** PROBLEM DESCRIPTION **
Everything from the line with "ultimately show ?thesis" through the last line of the records below should be copied exactly, both ends included.

—————

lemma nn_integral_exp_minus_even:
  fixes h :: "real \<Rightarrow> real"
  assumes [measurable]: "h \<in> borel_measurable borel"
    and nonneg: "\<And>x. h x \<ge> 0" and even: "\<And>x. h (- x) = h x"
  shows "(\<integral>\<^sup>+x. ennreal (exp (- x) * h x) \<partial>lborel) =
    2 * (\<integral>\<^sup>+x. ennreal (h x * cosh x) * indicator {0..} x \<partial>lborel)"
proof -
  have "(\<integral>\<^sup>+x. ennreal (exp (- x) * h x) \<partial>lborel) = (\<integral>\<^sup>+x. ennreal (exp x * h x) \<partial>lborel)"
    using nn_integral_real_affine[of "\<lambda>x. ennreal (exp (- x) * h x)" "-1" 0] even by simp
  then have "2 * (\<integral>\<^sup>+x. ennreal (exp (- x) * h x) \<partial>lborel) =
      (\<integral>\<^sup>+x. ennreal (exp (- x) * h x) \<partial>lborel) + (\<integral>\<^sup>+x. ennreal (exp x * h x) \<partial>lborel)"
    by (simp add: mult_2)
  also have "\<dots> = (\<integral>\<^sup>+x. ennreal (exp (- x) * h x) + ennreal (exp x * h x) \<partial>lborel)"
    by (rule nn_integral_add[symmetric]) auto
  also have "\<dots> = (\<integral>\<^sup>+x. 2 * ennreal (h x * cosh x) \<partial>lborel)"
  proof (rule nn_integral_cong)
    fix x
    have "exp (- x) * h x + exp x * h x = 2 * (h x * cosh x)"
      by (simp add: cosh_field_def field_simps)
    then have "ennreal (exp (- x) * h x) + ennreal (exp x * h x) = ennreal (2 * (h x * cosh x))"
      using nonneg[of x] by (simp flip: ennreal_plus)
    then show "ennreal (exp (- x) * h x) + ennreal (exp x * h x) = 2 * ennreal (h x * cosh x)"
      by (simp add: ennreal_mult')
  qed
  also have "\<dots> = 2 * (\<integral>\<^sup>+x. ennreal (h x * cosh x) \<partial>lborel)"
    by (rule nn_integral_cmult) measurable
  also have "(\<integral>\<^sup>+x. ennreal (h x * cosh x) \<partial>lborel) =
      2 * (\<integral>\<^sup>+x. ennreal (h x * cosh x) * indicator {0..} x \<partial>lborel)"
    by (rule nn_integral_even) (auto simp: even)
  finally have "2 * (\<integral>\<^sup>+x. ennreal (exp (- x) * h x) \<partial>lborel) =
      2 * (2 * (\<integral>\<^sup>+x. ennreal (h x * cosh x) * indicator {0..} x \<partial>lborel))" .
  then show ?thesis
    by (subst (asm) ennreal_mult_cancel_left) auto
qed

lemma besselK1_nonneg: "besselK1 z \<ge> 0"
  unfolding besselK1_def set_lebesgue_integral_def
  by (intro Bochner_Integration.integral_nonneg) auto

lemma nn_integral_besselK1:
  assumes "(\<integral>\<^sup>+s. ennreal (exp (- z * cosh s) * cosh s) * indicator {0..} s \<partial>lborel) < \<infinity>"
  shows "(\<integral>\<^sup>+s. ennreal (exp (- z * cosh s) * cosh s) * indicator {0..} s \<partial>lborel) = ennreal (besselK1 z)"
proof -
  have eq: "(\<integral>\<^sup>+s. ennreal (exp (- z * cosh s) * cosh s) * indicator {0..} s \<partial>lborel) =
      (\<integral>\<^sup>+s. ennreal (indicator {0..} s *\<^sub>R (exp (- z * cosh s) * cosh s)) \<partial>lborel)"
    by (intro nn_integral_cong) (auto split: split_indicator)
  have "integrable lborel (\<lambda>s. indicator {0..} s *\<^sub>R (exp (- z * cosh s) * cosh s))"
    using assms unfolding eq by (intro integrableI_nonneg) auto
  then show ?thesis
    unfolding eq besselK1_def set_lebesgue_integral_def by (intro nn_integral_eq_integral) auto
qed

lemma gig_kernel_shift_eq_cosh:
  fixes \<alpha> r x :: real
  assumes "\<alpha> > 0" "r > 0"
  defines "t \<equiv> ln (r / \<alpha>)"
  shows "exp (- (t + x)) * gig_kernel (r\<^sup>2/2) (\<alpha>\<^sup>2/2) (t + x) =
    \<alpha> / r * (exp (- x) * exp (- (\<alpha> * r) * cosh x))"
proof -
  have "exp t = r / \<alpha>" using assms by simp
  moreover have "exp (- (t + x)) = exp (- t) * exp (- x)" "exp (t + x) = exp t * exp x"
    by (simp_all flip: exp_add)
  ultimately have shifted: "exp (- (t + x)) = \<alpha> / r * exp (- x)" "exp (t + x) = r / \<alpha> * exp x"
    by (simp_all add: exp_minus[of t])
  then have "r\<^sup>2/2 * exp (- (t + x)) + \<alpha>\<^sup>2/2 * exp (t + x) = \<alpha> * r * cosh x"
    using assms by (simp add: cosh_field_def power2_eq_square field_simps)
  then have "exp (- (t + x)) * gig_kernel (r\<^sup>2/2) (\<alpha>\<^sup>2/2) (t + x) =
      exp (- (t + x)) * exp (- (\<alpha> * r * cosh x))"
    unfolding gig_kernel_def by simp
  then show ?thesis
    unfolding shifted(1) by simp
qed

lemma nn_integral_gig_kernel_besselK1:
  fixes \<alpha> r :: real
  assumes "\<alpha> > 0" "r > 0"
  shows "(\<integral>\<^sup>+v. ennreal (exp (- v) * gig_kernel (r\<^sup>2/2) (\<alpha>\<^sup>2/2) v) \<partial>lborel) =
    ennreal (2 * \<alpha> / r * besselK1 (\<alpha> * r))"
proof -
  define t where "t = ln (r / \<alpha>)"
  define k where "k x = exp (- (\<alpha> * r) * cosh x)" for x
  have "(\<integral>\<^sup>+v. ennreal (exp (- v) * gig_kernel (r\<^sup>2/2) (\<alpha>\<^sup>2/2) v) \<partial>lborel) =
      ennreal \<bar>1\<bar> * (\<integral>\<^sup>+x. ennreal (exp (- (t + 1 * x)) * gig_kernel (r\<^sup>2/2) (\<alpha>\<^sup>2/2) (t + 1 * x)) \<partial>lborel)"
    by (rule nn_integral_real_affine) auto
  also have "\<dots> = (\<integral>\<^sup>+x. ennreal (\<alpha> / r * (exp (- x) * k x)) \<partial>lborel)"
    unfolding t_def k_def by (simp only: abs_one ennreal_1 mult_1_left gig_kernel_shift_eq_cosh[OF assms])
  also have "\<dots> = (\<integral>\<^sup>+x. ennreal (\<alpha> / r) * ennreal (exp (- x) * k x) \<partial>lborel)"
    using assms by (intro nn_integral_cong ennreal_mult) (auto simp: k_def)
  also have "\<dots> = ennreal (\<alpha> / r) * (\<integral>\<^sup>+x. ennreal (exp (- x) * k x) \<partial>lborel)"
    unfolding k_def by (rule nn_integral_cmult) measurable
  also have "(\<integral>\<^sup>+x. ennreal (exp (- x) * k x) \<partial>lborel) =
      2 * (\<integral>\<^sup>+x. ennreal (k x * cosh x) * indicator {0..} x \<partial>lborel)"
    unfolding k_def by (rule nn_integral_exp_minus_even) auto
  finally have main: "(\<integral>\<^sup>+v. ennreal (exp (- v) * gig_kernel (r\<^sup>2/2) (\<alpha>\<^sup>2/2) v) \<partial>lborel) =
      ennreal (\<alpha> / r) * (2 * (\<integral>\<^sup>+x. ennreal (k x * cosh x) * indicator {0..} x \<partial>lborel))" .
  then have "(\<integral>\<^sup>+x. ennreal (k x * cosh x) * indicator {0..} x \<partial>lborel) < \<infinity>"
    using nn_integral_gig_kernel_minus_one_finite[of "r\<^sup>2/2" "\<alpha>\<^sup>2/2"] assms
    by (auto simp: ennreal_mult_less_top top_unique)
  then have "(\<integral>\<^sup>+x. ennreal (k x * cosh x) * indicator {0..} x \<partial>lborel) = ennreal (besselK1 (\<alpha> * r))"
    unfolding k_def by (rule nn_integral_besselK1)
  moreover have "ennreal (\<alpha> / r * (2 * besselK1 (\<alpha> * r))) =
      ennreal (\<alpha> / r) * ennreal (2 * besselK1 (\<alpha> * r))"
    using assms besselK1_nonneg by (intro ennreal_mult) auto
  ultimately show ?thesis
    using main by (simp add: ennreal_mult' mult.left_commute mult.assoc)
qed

—————

** REPLY TO THE TASK **
  ultimately show ?thesis
    using main by (simp add: ennreal_mult' mult.left_commute mult.assoc)
qed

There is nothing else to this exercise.